Entries provided -
◇ ◇ ◇
lemma min_value_envelope_ge:
  "(\<And>n. N \<le> n \<Longrightarrow> z \<le> min_value \<beta> n s) \<Longrightarrow> z \<le> min_value_envelope \<beta> N s"
  unfolding min_value_envelope_def by (intro cInf_greatest) auto

lemma min_value_envelope_nonneg: "s \<in> {1..Suc S} \<Longrightarrow> 0 \<le> min_value_envelope \<beta> N s"
  using min_value_pos by (intro min_value_envelope_ge) (auto intro: less_imp_le)

lemma incseq_min_value_envelope:
  assumes "s \<in> {1..Suc S}"
  shows "incseq (\<lambda>N. min_value_envelope \<beta> N s)"
proof (rule incseq_SucI, rule min_value_envelope_ge)
  fix N n
  assume "Suc N \<le> n"
  then show "min_value_envelope \<beta> N s \<le> min_value \<beta> n s"
    using min_value_envelope_le[OF assms, of N n] by simp
qed

lemma min_value_envelope_sink: "min_value_envelope \<beta> N (Suc S) = 1"
  unfolding min_value_envelope_def min_value_sink by simp

lemma bellman_min_envelope_le:
  assumes "s \<in> {1..Suc S}"
  shows "bellman_min \<beta> (min_value_envelope \<beta> N) s \<le> min_value_envelope \<beta> (Suc N) s"
proof (rule min_value_envelope_ge)
  fix n
  assume "Suc N \<le> n"
  then obtain m where m: "n = Suc m" "N \<le> m" by (cases n) auto
  have "bellman_min \<beta> (min_value_envelope \<beta> N) s \<le> bellman_min \<beta> (min_value \<beta> m) s"
    using min_value_envelope_le m(2) assms by (intro bellman_min_mono) auto
  then show "bellman_min \<beta> (min_value_envelope \<beta> N) s \<le> min_value \<beta> n s"
    using m(1) by (simp add: min_value_Suc)
qed

lemma weighted_min_value_envelope_le:
  assumes L: "liminf (\<lambda>n. ereal (min_moment \<beta> n)) = ereal L"
  shows "(\<Sum>s\<in>{1..Suc S}. \<mu> s * min_value_envelope \<beta> N s) \<le> L"
proof -
  have "ereal (\<Sum>s\<in>{1..Suc S}. \<mu> s * min_value_envelope \<beta> N s) \<le> (INF n\<in>{N..}. ereal (min_moment \<beta> n))"
    unfolding min_moment_def using mu_nonneg min_value_envelope_le
    by (intro INF_greatest) (auto intro!: sum_mono mult_left_mono)
  also have "\<dots> \<le> liminf (\<lambda>n. ereal (min_moment \<beta> n))"
    unfolding liminf_SUP_INF by (rule SUP_upper) simp
  finally show ?thesis using L by simp
qed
◇ ◇ ◇
Activity -
Search the listing above for the string "Longrightarrow" and return each line it appears on.

Answer area -
  "(\<And>n. N \<le> n \<Longrightarrow> z \<le> min_value \<beta> n s) \<Longrightarrow> z \<le> min_value_envelope \<beta> N s"
lemma min_value_envelope_nonneg: "s \<in> {1..Suc S} \<Longrightarrow> 0 \<le> min_value_envelope \<beta> N s"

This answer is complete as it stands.